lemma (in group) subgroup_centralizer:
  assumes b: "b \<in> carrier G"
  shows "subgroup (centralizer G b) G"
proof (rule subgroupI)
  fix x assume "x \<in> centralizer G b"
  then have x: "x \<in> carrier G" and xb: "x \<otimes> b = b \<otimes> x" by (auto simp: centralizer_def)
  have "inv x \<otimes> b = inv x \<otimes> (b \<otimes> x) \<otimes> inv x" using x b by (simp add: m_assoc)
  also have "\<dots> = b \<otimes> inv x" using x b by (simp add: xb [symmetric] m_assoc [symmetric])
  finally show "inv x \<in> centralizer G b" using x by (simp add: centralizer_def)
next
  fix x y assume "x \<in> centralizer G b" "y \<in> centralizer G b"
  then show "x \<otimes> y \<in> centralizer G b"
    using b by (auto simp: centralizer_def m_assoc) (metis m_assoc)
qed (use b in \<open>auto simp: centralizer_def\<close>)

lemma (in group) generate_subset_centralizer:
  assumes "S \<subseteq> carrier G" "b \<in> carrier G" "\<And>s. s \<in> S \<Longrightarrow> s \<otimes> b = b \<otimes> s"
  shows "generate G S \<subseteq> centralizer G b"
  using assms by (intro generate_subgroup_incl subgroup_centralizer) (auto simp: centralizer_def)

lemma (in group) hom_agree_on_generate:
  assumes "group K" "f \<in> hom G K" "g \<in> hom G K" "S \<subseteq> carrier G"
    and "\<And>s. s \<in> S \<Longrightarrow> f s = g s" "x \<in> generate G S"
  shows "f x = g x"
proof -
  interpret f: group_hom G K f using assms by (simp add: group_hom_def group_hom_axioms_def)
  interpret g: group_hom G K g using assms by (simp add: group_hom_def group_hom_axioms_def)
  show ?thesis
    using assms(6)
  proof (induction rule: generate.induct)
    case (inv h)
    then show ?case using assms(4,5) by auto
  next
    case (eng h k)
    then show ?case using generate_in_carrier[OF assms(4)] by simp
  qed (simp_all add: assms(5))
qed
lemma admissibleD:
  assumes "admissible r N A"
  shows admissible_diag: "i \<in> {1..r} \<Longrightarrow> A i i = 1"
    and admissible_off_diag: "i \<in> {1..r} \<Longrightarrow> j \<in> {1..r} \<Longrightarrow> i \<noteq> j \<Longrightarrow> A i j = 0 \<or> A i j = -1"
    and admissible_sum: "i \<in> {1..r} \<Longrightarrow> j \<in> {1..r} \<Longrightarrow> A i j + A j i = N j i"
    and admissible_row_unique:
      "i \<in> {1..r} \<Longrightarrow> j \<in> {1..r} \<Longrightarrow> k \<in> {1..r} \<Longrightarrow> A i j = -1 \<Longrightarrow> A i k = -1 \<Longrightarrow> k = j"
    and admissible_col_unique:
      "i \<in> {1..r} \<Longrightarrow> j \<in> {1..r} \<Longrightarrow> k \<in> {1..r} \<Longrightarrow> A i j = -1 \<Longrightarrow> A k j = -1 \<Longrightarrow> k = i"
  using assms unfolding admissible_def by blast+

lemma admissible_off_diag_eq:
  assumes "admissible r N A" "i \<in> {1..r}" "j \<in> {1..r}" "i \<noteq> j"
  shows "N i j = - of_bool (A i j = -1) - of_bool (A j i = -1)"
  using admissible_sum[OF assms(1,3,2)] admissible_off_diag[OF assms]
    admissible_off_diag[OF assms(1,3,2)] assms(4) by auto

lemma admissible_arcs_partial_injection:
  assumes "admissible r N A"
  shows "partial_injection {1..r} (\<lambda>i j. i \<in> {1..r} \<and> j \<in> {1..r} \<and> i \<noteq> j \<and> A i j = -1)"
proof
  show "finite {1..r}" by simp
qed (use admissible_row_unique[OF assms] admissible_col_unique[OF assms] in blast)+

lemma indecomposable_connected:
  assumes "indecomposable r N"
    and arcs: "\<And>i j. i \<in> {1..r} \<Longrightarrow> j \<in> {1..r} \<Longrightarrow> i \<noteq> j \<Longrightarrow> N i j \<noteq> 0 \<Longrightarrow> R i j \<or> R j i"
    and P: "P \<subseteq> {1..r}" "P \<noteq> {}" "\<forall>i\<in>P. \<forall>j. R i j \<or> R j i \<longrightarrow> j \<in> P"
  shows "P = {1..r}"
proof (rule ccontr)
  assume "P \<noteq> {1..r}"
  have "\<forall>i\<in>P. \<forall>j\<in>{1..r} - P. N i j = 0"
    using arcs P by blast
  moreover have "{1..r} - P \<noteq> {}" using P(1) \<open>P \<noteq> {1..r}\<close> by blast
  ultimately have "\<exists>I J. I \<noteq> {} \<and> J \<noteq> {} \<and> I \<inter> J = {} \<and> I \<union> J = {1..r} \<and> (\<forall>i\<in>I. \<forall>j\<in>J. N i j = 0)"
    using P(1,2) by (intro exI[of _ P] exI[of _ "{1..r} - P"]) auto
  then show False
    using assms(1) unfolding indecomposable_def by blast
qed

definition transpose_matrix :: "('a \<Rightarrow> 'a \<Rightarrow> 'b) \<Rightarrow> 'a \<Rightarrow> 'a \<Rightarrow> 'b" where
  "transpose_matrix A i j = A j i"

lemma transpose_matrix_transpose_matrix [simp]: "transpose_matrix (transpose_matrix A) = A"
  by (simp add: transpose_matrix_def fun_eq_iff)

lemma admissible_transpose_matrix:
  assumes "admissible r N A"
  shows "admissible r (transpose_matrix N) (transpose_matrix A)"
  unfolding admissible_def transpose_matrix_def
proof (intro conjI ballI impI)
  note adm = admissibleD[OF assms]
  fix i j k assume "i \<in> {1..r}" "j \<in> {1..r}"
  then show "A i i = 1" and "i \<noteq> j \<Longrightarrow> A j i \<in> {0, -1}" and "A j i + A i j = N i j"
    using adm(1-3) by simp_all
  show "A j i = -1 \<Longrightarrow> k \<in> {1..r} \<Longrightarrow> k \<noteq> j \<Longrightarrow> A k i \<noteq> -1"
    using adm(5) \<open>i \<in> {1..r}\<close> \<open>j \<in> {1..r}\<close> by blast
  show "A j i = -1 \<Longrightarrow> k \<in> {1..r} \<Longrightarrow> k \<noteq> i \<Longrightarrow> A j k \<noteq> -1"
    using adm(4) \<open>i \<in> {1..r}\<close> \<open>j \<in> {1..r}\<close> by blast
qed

--

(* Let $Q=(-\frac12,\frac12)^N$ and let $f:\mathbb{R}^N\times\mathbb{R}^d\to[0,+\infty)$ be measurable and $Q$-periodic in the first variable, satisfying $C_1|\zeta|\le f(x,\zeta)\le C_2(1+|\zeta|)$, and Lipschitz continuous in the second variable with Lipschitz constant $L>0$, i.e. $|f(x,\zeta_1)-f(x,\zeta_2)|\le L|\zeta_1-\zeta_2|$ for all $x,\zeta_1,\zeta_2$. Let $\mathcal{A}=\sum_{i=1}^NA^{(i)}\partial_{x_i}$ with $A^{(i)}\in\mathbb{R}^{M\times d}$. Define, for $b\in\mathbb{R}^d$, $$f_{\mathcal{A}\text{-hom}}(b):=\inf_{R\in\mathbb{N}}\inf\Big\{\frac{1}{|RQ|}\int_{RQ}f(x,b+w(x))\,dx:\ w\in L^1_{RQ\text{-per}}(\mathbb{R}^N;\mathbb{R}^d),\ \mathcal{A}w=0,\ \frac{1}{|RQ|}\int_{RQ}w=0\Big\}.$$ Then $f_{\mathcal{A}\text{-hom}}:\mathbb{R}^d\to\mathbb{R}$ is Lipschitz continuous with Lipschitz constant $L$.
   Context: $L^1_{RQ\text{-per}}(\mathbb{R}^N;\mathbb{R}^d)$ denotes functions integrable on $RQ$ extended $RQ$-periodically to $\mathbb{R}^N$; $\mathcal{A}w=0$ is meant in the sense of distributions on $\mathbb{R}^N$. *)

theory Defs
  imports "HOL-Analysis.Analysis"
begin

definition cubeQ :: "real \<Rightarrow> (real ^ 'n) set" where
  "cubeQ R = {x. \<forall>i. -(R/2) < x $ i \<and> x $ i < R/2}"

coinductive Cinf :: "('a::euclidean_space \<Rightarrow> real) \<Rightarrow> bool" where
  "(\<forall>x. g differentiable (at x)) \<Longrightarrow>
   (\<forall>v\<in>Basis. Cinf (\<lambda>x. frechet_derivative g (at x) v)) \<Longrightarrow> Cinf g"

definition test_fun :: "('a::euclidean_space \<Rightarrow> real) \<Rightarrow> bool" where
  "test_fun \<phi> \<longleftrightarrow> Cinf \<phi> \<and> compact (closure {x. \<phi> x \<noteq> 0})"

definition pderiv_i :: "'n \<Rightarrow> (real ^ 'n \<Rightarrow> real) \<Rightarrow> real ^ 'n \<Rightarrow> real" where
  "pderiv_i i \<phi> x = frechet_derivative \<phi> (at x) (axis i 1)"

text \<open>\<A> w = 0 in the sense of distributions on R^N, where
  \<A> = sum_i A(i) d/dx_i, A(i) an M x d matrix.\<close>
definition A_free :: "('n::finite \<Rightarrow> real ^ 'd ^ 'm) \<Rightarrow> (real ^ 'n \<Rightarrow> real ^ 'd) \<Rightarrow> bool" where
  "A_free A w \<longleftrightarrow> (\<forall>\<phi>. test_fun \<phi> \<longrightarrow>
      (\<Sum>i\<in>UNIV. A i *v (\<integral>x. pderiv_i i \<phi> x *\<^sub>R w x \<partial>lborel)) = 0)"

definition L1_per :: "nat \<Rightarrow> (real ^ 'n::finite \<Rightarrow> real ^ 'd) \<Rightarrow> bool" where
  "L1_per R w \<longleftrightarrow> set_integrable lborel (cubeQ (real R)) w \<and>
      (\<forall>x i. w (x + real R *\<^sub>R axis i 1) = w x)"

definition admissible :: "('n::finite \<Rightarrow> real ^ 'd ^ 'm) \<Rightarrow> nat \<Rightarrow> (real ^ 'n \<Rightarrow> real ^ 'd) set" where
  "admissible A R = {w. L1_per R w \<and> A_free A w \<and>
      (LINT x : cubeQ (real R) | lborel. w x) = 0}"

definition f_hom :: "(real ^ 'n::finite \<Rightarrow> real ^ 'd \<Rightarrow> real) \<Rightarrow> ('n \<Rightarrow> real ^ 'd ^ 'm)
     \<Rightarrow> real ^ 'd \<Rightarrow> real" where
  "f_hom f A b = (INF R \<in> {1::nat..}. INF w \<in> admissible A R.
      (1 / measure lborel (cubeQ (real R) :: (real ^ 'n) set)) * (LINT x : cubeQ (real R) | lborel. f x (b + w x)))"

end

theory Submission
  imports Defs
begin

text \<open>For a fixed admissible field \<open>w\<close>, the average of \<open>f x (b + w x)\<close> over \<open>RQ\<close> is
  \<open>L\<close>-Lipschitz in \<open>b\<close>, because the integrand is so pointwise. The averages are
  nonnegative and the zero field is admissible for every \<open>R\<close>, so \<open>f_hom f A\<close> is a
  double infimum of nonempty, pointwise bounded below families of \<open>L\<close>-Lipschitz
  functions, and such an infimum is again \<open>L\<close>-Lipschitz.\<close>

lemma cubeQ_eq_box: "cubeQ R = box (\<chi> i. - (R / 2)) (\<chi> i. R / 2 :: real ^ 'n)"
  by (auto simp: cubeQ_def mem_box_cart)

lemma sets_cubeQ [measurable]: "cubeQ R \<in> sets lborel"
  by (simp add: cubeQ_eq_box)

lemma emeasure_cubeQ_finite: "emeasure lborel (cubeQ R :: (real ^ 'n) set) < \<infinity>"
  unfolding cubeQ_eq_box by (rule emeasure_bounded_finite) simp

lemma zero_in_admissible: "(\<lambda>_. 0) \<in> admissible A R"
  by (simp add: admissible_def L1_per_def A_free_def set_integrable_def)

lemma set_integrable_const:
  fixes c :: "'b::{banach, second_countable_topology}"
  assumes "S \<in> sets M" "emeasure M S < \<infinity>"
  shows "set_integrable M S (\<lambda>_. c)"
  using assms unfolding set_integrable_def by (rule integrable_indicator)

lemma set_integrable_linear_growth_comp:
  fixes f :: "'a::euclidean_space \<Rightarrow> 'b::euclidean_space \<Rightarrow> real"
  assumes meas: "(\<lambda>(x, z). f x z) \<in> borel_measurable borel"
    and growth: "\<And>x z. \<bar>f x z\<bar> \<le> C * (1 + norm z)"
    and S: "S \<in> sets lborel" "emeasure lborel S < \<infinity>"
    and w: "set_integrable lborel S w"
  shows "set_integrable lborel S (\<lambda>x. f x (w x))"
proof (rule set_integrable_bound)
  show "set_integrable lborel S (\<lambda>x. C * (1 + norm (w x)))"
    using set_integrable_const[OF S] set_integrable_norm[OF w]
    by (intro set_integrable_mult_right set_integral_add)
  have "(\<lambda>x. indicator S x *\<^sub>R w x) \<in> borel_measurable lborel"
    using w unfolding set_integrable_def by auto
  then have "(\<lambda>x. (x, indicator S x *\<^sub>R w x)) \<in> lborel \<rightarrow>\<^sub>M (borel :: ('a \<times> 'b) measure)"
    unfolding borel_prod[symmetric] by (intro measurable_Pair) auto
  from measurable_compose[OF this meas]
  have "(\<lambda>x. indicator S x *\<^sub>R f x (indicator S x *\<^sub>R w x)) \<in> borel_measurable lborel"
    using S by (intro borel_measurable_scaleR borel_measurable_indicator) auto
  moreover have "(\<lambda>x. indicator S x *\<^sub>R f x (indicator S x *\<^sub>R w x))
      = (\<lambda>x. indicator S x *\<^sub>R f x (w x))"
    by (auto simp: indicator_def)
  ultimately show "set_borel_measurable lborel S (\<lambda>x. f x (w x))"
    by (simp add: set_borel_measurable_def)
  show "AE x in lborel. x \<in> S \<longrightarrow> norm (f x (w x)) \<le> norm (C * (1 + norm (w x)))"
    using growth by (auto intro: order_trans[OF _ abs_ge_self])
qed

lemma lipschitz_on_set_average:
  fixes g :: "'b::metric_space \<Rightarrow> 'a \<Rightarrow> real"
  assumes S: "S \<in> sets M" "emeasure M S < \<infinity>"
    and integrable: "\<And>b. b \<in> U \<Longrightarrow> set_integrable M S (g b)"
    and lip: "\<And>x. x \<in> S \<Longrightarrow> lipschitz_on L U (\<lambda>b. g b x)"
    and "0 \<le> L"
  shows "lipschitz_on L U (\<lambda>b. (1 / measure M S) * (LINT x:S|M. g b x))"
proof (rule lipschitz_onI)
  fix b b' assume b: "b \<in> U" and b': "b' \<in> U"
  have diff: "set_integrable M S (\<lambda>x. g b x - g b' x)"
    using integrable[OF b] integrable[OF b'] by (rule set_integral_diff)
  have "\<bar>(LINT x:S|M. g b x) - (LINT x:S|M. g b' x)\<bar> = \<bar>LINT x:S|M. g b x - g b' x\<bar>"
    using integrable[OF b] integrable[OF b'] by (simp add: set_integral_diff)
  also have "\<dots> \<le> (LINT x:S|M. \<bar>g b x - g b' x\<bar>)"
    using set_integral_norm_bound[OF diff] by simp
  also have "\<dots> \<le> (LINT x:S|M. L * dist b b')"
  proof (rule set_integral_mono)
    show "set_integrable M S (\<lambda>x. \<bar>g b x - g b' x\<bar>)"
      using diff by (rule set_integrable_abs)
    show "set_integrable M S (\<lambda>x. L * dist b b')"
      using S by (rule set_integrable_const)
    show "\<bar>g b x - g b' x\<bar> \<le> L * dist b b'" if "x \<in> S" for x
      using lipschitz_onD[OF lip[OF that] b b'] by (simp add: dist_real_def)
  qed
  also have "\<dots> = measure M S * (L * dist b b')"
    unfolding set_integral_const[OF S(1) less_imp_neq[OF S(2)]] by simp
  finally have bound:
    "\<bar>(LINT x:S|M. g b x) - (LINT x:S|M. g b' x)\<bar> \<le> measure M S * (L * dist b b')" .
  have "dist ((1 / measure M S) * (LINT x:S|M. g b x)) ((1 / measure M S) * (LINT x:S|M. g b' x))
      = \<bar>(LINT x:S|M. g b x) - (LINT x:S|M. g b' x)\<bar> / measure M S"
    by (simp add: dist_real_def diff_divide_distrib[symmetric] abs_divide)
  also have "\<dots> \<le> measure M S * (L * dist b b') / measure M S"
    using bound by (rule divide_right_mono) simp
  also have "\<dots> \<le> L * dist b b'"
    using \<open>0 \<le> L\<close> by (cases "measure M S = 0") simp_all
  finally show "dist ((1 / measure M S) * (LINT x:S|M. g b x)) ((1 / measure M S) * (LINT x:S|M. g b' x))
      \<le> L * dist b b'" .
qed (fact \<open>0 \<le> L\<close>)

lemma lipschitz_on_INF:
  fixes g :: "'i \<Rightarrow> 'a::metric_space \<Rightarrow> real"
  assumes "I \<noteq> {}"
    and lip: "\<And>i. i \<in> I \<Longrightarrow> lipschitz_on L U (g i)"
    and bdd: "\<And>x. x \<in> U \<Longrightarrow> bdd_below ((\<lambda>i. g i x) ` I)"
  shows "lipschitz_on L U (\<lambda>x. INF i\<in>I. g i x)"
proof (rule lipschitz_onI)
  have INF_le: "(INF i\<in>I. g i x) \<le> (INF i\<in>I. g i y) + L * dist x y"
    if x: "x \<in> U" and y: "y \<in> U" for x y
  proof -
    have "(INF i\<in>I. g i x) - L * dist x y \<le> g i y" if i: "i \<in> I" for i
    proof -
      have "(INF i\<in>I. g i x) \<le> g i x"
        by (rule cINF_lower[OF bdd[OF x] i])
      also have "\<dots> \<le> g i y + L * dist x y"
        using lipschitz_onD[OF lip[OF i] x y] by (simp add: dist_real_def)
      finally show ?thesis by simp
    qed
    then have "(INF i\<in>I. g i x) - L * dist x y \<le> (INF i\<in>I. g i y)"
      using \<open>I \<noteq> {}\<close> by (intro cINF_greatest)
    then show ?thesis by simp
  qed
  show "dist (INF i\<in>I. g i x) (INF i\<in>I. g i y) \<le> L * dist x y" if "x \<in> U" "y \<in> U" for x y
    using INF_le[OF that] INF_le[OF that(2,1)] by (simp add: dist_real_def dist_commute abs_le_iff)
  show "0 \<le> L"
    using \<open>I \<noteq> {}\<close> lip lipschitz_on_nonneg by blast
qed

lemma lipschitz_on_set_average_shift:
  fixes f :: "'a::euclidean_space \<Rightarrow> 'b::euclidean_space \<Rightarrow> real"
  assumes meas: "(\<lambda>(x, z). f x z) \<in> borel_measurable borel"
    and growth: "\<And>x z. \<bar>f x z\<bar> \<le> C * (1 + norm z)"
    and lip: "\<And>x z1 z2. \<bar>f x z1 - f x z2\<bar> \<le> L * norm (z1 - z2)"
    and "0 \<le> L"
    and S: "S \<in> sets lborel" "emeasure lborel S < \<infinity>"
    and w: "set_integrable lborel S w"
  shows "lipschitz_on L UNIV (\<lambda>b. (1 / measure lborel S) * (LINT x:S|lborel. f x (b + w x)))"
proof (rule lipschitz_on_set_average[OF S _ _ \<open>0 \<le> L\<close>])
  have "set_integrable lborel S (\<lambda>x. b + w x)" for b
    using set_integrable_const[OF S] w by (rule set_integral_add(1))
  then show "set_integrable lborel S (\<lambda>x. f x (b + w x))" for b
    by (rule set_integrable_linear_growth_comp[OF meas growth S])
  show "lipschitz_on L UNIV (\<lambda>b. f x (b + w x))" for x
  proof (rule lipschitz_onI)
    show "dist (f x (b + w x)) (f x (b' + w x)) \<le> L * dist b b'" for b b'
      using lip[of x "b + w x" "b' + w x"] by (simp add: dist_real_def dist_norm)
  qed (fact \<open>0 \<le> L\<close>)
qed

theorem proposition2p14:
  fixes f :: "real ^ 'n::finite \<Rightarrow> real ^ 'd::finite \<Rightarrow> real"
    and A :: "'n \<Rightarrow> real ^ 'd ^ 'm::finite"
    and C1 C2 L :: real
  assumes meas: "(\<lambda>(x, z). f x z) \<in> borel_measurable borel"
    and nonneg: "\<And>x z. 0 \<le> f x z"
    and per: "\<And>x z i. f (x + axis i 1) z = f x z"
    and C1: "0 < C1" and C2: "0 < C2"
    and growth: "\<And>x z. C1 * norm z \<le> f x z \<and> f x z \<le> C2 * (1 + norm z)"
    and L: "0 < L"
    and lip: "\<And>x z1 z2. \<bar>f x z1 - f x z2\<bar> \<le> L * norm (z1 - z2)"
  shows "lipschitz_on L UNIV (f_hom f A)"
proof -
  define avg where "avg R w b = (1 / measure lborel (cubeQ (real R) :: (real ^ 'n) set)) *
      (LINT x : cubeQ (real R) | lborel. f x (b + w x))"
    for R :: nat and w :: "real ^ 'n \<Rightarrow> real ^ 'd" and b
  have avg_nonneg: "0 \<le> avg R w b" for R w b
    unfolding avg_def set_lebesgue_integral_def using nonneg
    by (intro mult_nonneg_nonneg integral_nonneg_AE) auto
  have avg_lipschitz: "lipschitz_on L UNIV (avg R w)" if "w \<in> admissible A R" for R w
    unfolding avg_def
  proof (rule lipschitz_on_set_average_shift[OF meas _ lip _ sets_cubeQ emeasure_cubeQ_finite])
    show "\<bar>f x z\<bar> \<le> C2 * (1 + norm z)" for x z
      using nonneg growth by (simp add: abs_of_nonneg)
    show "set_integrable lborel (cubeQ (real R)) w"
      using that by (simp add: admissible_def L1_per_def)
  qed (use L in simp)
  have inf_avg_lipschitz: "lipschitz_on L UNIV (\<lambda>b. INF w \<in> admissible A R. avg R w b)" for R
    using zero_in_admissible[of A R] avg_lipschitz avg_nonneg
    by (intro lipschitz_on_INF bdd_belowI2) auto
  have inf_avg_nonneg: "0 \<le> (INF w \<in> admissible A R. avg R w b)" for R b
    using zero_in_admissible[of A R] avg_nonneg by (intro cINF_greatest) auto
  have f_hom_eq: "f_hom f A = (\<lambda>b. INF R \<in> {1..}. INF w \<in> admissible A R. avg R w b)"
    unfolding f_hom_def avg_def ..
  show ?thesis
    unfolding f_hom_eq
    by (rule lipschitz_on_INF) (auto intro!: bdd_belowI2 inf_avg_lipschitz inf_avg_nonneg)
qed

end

Exercise directions: Among the entries above, copy exactly only the lines starting with the one containing "(real ^ 'n::finite \<Rightarrow> real ^ 'd)" and going through the one containing "(\<forall>x i. w", both ends included.

Answer for the task:
definition L1_per :: "nat \<Rightarrow> (real ^ 'n::finite \<Rightarrow> real ^ 'd) \<Rightarrow> bool" where
  "L1_per R w \<longleftrightarrow> set_integrable lborel (cubeQ (real R)) w \<and>
      (\<forall>x i. w (x + real R *\<^sub>R axis i 1) = w x)"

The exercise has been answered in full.